If all went well, the final destination for a good item in the feed is to end up in the Site Feed. The Site Feed is a subset of the initial feed that contains all of the good items that have been processed and are ready to be imported into Teenormous. Any invalid items, or non-tee items, or items without images will not be in this feed.
The Site Feed for each merchant is placed in an Amazon S3 bucket and the processing job is complete. Teenormous will then check this bucket for updated feeds and update the data for the merchant if it has changed. Since each site feed contains all good items for a merchant, the import process will also hide any items that are not in the feed. These items are typically out of stock or no longer for sale, so it is important to remove them from the site so shoppers don’t see them.
Separating the processing of feeds and web crawling from the actual site updates is a great way to divide and conquer the major responsibilities for keeping a site up to date. The processing can be done using a farm of worker machines, while the site updates can stay simple and focused on just doing simple inserts and updates.
If all goes well, this process will run like a well-oiled machine and I can just kick back and enjoy the profits. However, if there is one thing I’ve learned over the years, as Murphy says, whatever can go wrong will.
Here are just a few highlights of the types of issues that can go wrong within this process, and how I handle them.
In the t-shirt space, there have been a LOT of merchants that come and go. When this happens, the merchant often times just shuts down without a word.
To account for this, I use an automated merchant check that will crawl the most recent items in a merchant’s feed and report back any failing results so we can look into it.
If a merchant updates their site, such as with an updated theme, this can break both a web crawler, or often times this can also break the a feed processor, if the merchant does not remember to update their feed to reflect the new structure.
These types of errors are usually logged during the processing pipeline. If this is a web crawler issue, the fix involves manually modifying the crawling code to reflect the new structure. If this is a feed issue, the merchant is notified, and in some cases, temporarily hidden from the site until the issue is fixed.
Missing or bad images occur when a merchant specifies an image location in their feed that leads to a missing or invalid image url. This is most likely just an oversight on the merchant’s part. However, this happens more often than you’d think.

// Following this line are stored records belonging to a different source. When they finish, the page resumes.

(* If $\xi<\varepsilon_{\Omega+1}$ is a limit ordinal and $\theta<\Omega$, then $\theta\le(\xi[\theta])^*\le\max\{\xi^*,\theta\}$.
   Context: $\Omega$ is the first uncountable ordinal; $\varepsilon_{\Omega+1}$ the least $\varepsilon>\Omega$ with $\omega^\varepsilon=\varepsilon$. Every $0<\xi<\varepsilon_{\Omega+1}$ has a unique $\Omega$-normal form $\xi=\Omega^{\alpha}\beta+\gamma$ with $0<\beta<\Omega$, $\gamma<\Omega^{\alpha}$. Coefficients: $C(0)=\{0\}$, $C(\Omega^\alpha\beta+\gamma)=C(\alpha)\cup C(\gamma)\cup\{\beta\}$; $\xi^*=\max C(\xi)$. For $\xi<\varepsilon_{\Omega+1}$ and $\theta<\Omega$, $\xi[\theta]$ is defined recursively on $\Omega$-normal forms: $0[\theta]=1[\theta]=0$; $(\Omega^\alpha\beta+\gamma)[\theta]=\Omega^\alpha\beta+\gamma[\theta]$ if $\gamma>0$; $(\Omega^\alpha\beta)[\theta]=\Omega^\alpha\theta$ if $\beta$ is a limit; $\Omega^{\alpha+1}[\theta]=\Omega^\alpha\theta$; $(\Omega^\alpha(\beta+1))[\theta]=\Omega^\alpha\beta+(\Omega^\alpha)[\theta]$ if $\beta>0$; $\Omega^\alpha[\theta]=\Omega^{\alpha[\theta]}$ if $\alpha$ is a limit. *)

theory Defs
  imports "HOL-Library.Countable_Set"
begin

text \<open>Countable ordinals (ordinals below Omega) are modelled by an arbitrary
well-ordered type 'a whose order type is omega_1 (uncountable, every proper
initial segment countable).\<close>

definition ozero :: "'a::wellorder" where
  "ozero = (LEAST x. True)"

definition osuc :: "'a::wellorder \<Rightarrow> 'a" where
  "osuc b = (LEAST y. b < y)"

definition oone :: "'a::wellorder" where
  "oone = osuc ozero"

definition olimit :: "'a::wellorder \<Rightarrow> bool" where
  "olimit b \<longleftrightarrow> b \<noteq> ozero \<and> \<not> (\<exists>c. b = osuc c)"

text \<open>Omega-normal forms: OZ is 0, OT al be ga is Omega^al * be + ga.
These notations (subject to onf_wf) are exactly the ordinals below eps_{Omega+1}.\<close>

datatype 'a onf = OZ | OT "'a onf" 'a "'a onf"

fun onf_less :: "'a::wellorder onf \<Rightarrow> 'a onf \<Rightarrow> bool" where
  "onf_less OZ OZ = False"
| "onf_less OZ (OT _ _ _) = True"
| "onf_less (OT _ _ _) OZ = False"
| "onf_less (OT a b g) (OT a' b' g') =
     (onf_less a a' \<or> (a = a' \<and> (b < b' \<or> (b = b' \<and> onf_less g g'))))"

fun onf_wf :: "'a::wellorder onf \<Rightarrow> bool" where
  "onf_wf OZ = True"
| "onf_wf (OT a b g) =
     (onf_wf a \<and> onf_wf g \<and> ozero < b \<and>
      (case g of OZ \<Rightarrow> True | OT a' _ _ \<Rightarrow> onf_less a' a))"

fun onf_plus1 :: "'a::wellorder onf \<Rightarrow> 'a onf" where
  "onf_plus1 OZ = OT OZ oone OZ"
| "onf_plus1 (OT a b g) =
     (if a = OZ then OT OZ (osuc b) OZ else OT a b (onf_plus1 g))"

definition onf_limit :: "'a::wellorder onf \<Rightarrow> bool" where
  "onf_limit xi \<longleftrightarrow> xi \<noteq> OZ \<and> \<not> (\<exists>eta. onf_wf eta \<and> xi = onf_plus1 eta)"

fun onf_coeffs :: "'a::wellorder onf \<Rightarrow> 'a set" where
  "onf_coeffs OZ = {ozero}"
| "onf_coeffs (OT a b g) = onf_coeffs a \<union> onf_coeffs g \<union> {b}"

definition onf_star :: "'a::wellorder onf \<Rightarrow> 'a" where
  "onf_star xi = Max (onf_coeffs xi)"

definition omk :: "'a::wellorder onf \<Rightarrow> 'a \<Rightarrow> 'a onf" where
  "omk a th = (if th = ozero then OZ else OT a th OZ)"

primrec onf_fs :: "'a::wellorder onf \<Rightarrow> 'a \<Rightarrow> 'a onf" where
  "onf_fs OZ th = OZ"
| "onf_fs (OT a b g) th =
     (let pw = (if a = OZ then OZ
                else if (\<exists>a'. onf_wf a' \<and> a = onf_plus1 a')
                  then omk (THE a'. onf_wf a' \<and> a = onf_plus1 a') th
                else OT (onf_fs a th) oone OZ)
      in if g \<noteq> OZ then OT a b (onf_fs g th)
         else if olimit b then omk a th
         else if b = oone then pw
         else OT a (THE b'. b = osuc b') pw)"

end

theory Submission
  imports Defs
begin

text \<open>Each clause keeps coefficients of \<xi>, inserts \<theta>, or, for a
  successor exponent \<alpha>+1, passes to the coefficients of \<alpha>, which are dominated by those
  of \<alpha>+1; this gives the upper bound.  For a limit \<xi> the recursion always ends in a
  clause \<Omega>^\<alpha> \<theta>, so \<theta> survives as a coefficient, which gives the lower bound.
  The hypotheses on the order type are needed only to exclude a largest countable ordinal:
  then successor is injective on ordinals and on normal forms, so the THE-descriptions
  in the definition of \<xi>[\<theta>] pick out the intended predecessors.\<close>

lemma gt_ex_if_countable_segments:
  fixes b :: "'a::linorder"
  assumes "\<not> countable (UNIV :: 'a set)" and "\<And>b::'a. countable {x. x < b}"
  shows "\<exists>y. b < y"
proof (rule ccontr)
  assume "\<nexists>y. b < y"
  then have "UNIV = insert b {x. x < b}"
    by (auto simp: not_less) (meson antisym_conv1 not_less)
  then show False
    using assms by (metis countable_insert)
qed

lemma ozero_le: "ozero \<le> (x::'a::wellorder)"
  unfolding ozero_def by (rule Least_le) simp

lemma ozero_less_iff: "ozero < x \<longleftrightarrow> x \<noteq> (ozero::'a::wellorder)"
  using ozero_le[of x] by (auto simp: order.strict_iff_order)

lemma less_osuc: "b < y \<Longrightarrow> b < osuc (b::'a::wellorder)"
  unfolding osuc_def by (rule LeastI)

lemma osuc_le: "b < y \<Longrightarrow> osuc b \<le> (y::'a::wellorder)"
  unfolding osuc_def by (rule Least_le)

lemma strict_mono_osuc:
  assumes "\<And>b::'a::wellorder. \<exists>y. b < y"
  shows "strict_mono (osuc :: 'a \<Rightarrow> 'a)"
proof
  fix b c :: 'a
  assume "b < c"
  then have "osuc b \<le> c" by (rule osuc_le)
  also have "c < osuc c" using assms less_osuc by blast
  finally show "osuc b < osuc c" .
qed

lemma osuc_eq_iff:
  assumes "\<And>b::'a::wellorder. \<exists>y. b < y"
  shows "osuc b = osuc c \<longleftrightarrow> b = (c::'a)"
  using strict_mono_imp_inj_on[OF strict_mono_osuc[OF assms]] by (auto simp: inj_eq)

lemma not_olimit_osuc [simp]: "\<not> olimit (osuc b)"
  by (auto simp: olimit_def)

lemma not_olimit_oone [simp]: "\<not> olimit oone"
  by (simp add: oone_def)

lemma ordinal_cases:
  fixes b :: "'a::wellorder"
  obtains "b = ozero" | "olimit b" | "b = oone" | c where "c \<noteq> ozero" "b = osuc c"
proof (cases "b = ozero \<or> olimit b \<or> b = oone")
  case False
  then obtain c where "b = osuc c" unfolding olimit_def by blast
  moreover from this False have "c \<noteq> ozero" by (auto simp: oone_def)
  ultimately show thesis by (rule that(4)[rotated])
qed (use that in blast)

lemma onf_star_OZ [simp]: "onf_star OZ = ozero"
  by (simp add: onf_star_def)

lemma finite_onf_coeffs: "finite (onf_coeffs x)"
  by (induction x) auto

lemma onf_coeffs_nonempty: "onf_coeffs x \<noteq> {}"
  by (induction x) auto

lemma onf_star_OT [simp]:
  "onf_star (OT a b g) = max (max (onf_star a) (onf_star g)) b"
  by (simp add: onf_star_def Max_Un finite_onf_coeffs onf_coeffs_nonempty max.commute)

lemma oone_le_onf_star:
  assumes "onf_wf x" "x \<noteq> OZ"
  shows "oone \<le> onf_star x"
proof -
  obtain a b g where x: "x = OT a b g" and "ozero < b"
    using assms by (cases x) auto
  from \<open>ozero < b\<close> have "oone \<le> b" unfolding oone_def by (rule osuc_le)
  then show ?thesis unfolding x by (simp add: le_max_iff_disj)
qed

lemma onf_star_omk_le: "onf_star (omk a th) \<le> max (onf_star a) th"
  by (simp add: omk_def ozero_le)

lemma le_onf_star_omk: "th \<le> onf_star (omk a th)"
  by (simp add: omk_def)

lemma not_onf_less_OZ [simp]: "\<not> onf_less x OZ"
  by (cases x) auto

lemma onf_star_le_onf_star_plus1:
  assumes "\<And>b::'a::wellorder. \<exists>y. b < y" and "onf_wf (x::'a onf)"
  shows "onf_star x \<le> onf_star (onf_plus1 x)"
  using assms(2)
proof (induction x)
  case (OT a b g)
  have "b \<le> osuc b" using assms(1) less_osuc less_imp_le by blast
  with OT show ?case by (cases g) (auto simp: le_max_iff_disj ozero_le)
qed (simp add: ozero_le)

lemma onf_plus1_inj:
  assumes "\<And>b::'a::wellorder. \<exists>y. b < y"
    and "onf_wf (x::'a onf)" "onf_wf y" "onf_plus1 x = onf_plus1 y"
  shows "x = y"
  using assms(2-)
proof (induction x arbitrary: y)
  case OZ
  then show ?case
    by (cases y) (auto simp: oone_def osuc_eq_iff[OF assms(1)] split: if_splits)
next
  case (OT a b g)
  then show ?case
    by (cases y) (auto simp: oone_def osuc_eq_iff[OF assms(1)] split: if_splits onf.splits)
qed

lemma onf_plus1_neq_OZ: "onf_plus1 x \<noteq> OZ"
  by (cases x) auto

lemma onf_wf_OT_plus1D:
  "onf_wf (OT a b (onf_plus1 eta)) \<Longrightarrow> onf_wf eta \<Longrightarrow> onf_wf (OT a b eta)"
  by (cases eta) (auto split: if_splits)

lemma onf_limit_tail:
  assumes "onf_wf (OT a b g)" "g \<noteq> OZ" "onf_limit (OT a b g)"
  shows "onf_limit g"
  unfolding onf_limit_def
proof (intro conjI notI)
  assume "\<exists>eta. onf_wf eta \<and> g = onf_plus1 eta"
  then obtain eta where "onf_wf eta" "g = onf_plus1 eta" by blast
  moreover have "a \<noteq> OZ" using assms(1,2) by (cases g) auto
  ultimately have "onf_wf (OT a b eta)" "OT a b g = onf_plus1 (OT a b eta)"
    using assms(1) onf_wf_OT_plus1D by auto
  with assms(3) show False unfolding onf_limit_def by blast
qed (use assms(2) in blast)

lemma not_onf_limit_OT_OZ_osuc: "\<not> onf_limit (OT OZ (osuc c) OZ)"
proof (cases "c = ozero")
  case True
  then have "OT OZ (osuc c) OZ = onf_plus1 OZ" by (simp add: oone_def)
  then show ?thesis unfolding onf_limit_def by (metis onf_wf.simps(1))
next
  case False
  then have "onf_wf (OT OZ c OZ)" by (simp add: ozero_less_iff)
  moreover have "OT OZ (osuc c) OZ = onf_plus1 (OT OZ c OZ)" by simp
  ultimately show ?thesis unfolding onf_limit_def by blast
qed

lemma onf_fs_OT_osuc:
  assumes "\<And>b::'a::wellorder. \<exists>y. b < y" and "c \<noteq> ozero"
  shows "onf_fs (OT a (osuc c) OZ) th = OT a c (onf_fs (OT a oone OZ) (th::'a))"
  using assms(2) by (simp add: Let_def oone_def osuc_eq_iff[OF assms(1)])

lemma onf_fs_pow_plus1:
  assumes "\<And>b::'a::wellorder. \<exists>y. b < y" and "onf_wf (a::'a onf)"
  shows "onf_fs (OT (onf_plus1 a) oone OZ) th = omk a th"
proof -
  have "(THE a'. onf_wf a' \<and> onf_plus1 a = onf_plus1 a') = a"
    using assms onf_plus1_inj by blast
  then show ?thesis
    using assms(2) by (auto simp: Let_def oone_def onf_plus1_neq_OZ)
qed

lemma onf_fs_pow_limit:
  "onf_limit a \<Longrightarrow> onf_fs (OT a oone OZ) th = OT (onf_fs a th) oone OZ"
  by (auto simp: Let_def oone_def onf_limit_def)

lemma onf_zero_plus1_limit_cases:
  obtains "x = OZ" | x' where "onf_wf x'" "x = onf_plus1 x'" | "onf_limit x"
  unfolding onf_limit_def by blast

text \<open>\<open>OT a oone OZ\<close> is not a subterm of \<open>OT a b g\<close>, so the two lemmas on
  (\<Omega>^a)[\<theta>] take the induction hypothesis for \<open>a\<close> as an assumption.\<close>

lemma onf_star_fs_pow_le:
  assumes "\<And>b::'a::wellorder. \<exists>y. b < y" and "onf_wf (a::'a onf)"
    and "onf_star (onf_fs a th) \<le> max (onf_star a) th"
  shows "onf_star (onf_fs (OT a oone OZ) th) \<le> max (onf_star a) th"
proof (cases a rule: onf_zero_plus1_limit_cases)
  case 1
  then show ?thesis by (simp add: ozero_le)
next
  case (2 a')
  have "onf_star (omk a' th) \<le> max (onf_star a') th" by (rule onf_star_omk_le)
  also have "\<dots> \<le> max (onf_star a) th"
    using onf_star_le_onf_star_plus1[OF assms(1) \<open>onf_wf a'\<close>] 2 by (intro max.mono) simp_all
  finally show ?thesis using 2 onf_fs_pow_plus1[OF assms(1)] by simp
next
  case 3
  then have "a \<noteq> OZ" by (simp add: onf_limit_def)
  with assms(2) have "oone \<le> onf_star a" by (rule oone_le_onf_star)
  with assms(3) show ?thesis
    unfolding onf_fs_pow_limit[OF 3] by (auto simp del: onf_fs.simps simp: le_max_iff_disj ozero_le)
qed

lemma onf_star_fs_le:
  assumes "\<And>b::'a::wellorder. \<exists>y. b < y" and "onf_wf (xi::'a onf)"
  shows "onf_star (onf_fs xi th) \<le> max (onf_star xi) th"
  using assms(2)
proof (induction xi)
  case OZ
  then show ?case by (simp add: ozero_le)
next
  case (OT a b g)
  then have "onf_wf a" "onf_wf g" "b \<noteq> ozero" by (auto simp: ozero_less_iff)
  have pow: "onf_star (onf_fs (OT a oone OZ) th) \<le> max (onf_star a) th"
    using onf_star_fs_pow_le[OF assms(1) \<open>onf_wf a\<close> OT.IH(1)[OF \<open>onf_wf a\<close>]] .
  show ?case
  proof (cases "g = OZ")
    case False
    then have "onf_fs (OT a b g) th = OT a b (onf_fs g th)" by simp
    then show ?thesis using OT.IH(2)[OF \<open>onf_wf g\<close>] by (auto simp: le_max_iff_disj)
  next
    case True
    show ?thesis
    proof (cases b rule: ordinal_cases)
      case 2
      then show ?thesis using True onf_star_omk_le[of a th] by (auto simp: le_max_iff_disj)
    next
      case 3
      then have "onf_fs (OT a b g) th = onf_fs (OT a oone OZ) th" using True by simp
      with pow show ?thesis by (auto simp del: onf_fs.simps simp: le_max_iff_disj)
    next
      case (4 c)
      then have "onf_fs (OT a b g) th = OT a c (onf_fs (OT a oone OZ) th)"
        using True onf_fs_OT_osuc[OF assms(1)] by simp
      moreover have "c < b" using 4 less_osuc assms(1) by blast
      ultimately show ?thesis using pow by (auto simp del: onf_fs.simps simp: le_max_iff_disj)
    qed (use \<open>b \<noteq> ozero\<close> in blast)
  qed
qed

lemma le_onf_star_fs_pow:
  assumes "\<And>b::'a::wellorder. \<exists>y. b < y" and "(a::'a onf) \<noteq> OZ"
    and "onf_limit a \<Longrightarrow> th \<le> onf_star (onf_fs a th)"
  shows "th \<le> onf_star (onf_fs (OT a oone OZ) th)"
proof (cases a rule: onf_zero_plus1_limit_cases)
  case 1
  with assms(2) show ?thesis by blast
next
  case (2 a')
  then show ?thesis using onf_fs_pow_plus1[OF assms(1)] le_onf_star_omk by metis
next
  case 3
  with assms(3) show ?thesis
    unfolding onf_fs_pow_limit[OF 3] by (auto simp del: onf_fs.simps simp: le_max_iff_disj)
qed

lemma le_onf_star_fs:
  assumes "\<And>b::'a::wellorder. \<exists>y. b < y" and "onf_wf (xi::'a onf)" "onf_limit xi"
  shows "th \<le> onf_star (onf_fs xi th)"
  using assms(2,3)
proof (induction xi)
  case OZ
  then show ?case by (simp add: onf_limit_def)
next
  case (OT a b g)
  then have "onf_wf a" "onf_wf g" "b \<noteq> ozero" by (auto simp: ozero_less_iff)
  show ?case
  proof (cases "g = OZ")
    case False
    then have "onf_limit g" using OT.prems onf_limit_tail by blast
    then show ?thesis using OT.IH(2)[OF \<open>onf_wf g\<close>] False by (auto simp: le_max_iff_disj)
  next
    case True
    have pow: "th \<le> onf_star (onf_fs (OT a oone OZ) th)" if "b = osuc c" for c
    proof (rule le_onf_star_fs_pow[OF assms(1)])
      show "a \<noteq> OZ" using OT.prems(2) True that not_onf_limit_OT_OZ_osuc by blast
    qed (rule OT.IH(1)[OF \<open>onf_wf a\<close>])
    show ?thesis
    proof (cases b rule: ordinal_cases)
      case 2
      then show ?thesis using True le_onf_star_omk by simp
    next
      case 3
      then have "onf_fs (OT a b g) th = onf_fs (OT a oone OZ) th" using True by simp
      with pow[of ozero] 3 show ?thesis by (simp del: onf_fs.simps add: oone_def)
    next
      case (4 c)
      then have "onf_fs (OT a b g) th = OT a c (onf_fs (OT a oone OZ) th)"
        using True onf_fs_OT_osuc[OF assms(1)] by simp
      with pow[OF 4(2)] show ?thesis by (auto simp del: onf_fs.simps simp: le_max_iff_disj)
    qed (use \<open>b \<noteq> ozero\<close> in blast)
  qed
qed

theorem lemma2p2:
  fixes xi :: "'a::wellorder onf" and th :: 'a
  assumes "\<not> countable (UNIV :: 'a set)"
    and "\<And>b::'a. countable {x. x < b}"
    and "onf_wf xi"
    and "onf_limit xi"
  shows "th \<le> onf_star (onf_fs xi th) \<and> onf_star (onf_fs xi th) \<le> max (onf_star xi) th"
proof -
  have no_top: "\<exists>y. b < y" for b :: 'a
    using assms(1,2) by (rule gt_ex_if_countable_segments)
  show ?thesis
    using le_onf_star_fs[OF no_top assms(3,4)] onf_star_fs_le[OF no_top assms(3)] by blast
qed

end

When this occurs, the image processing portion of the pipeline creates an error notification so this can be looked into. The items with bad images will be skipped during the process and the merchant will be notified as needed.
An incomplete feed typically occurs when a merchant does not properly build their feed and as a result there are only a fraction of the items that should be in there.
To work around this, a site import on Teenormous is halted if there are less than 60% of the current number of items on the site within the feed. If the decrease seems legit, the feed needs to be force imported to override this check.
Last but not least, a stale or outdated feed is probably the most common and most annoying of the issues to deal with on Teenormous. This typically occurs because a merchant is not creating their feed automatically and they forget to update it, or it is just too tedious to do so they put it off until someone complains.
To help detect this scenario on Teenormous, we track the time a feed was changed and imported on the site. If this goes beyond a certain number of days, we will reach out to the merchant to address this.
In summary, when dealing with a large number of products from a varied number of sources, a little automation goes a long way. Automation is a living, breathing process that will grow over time based on the ever changing needs of your company. I hope you found some of these experiences helpful.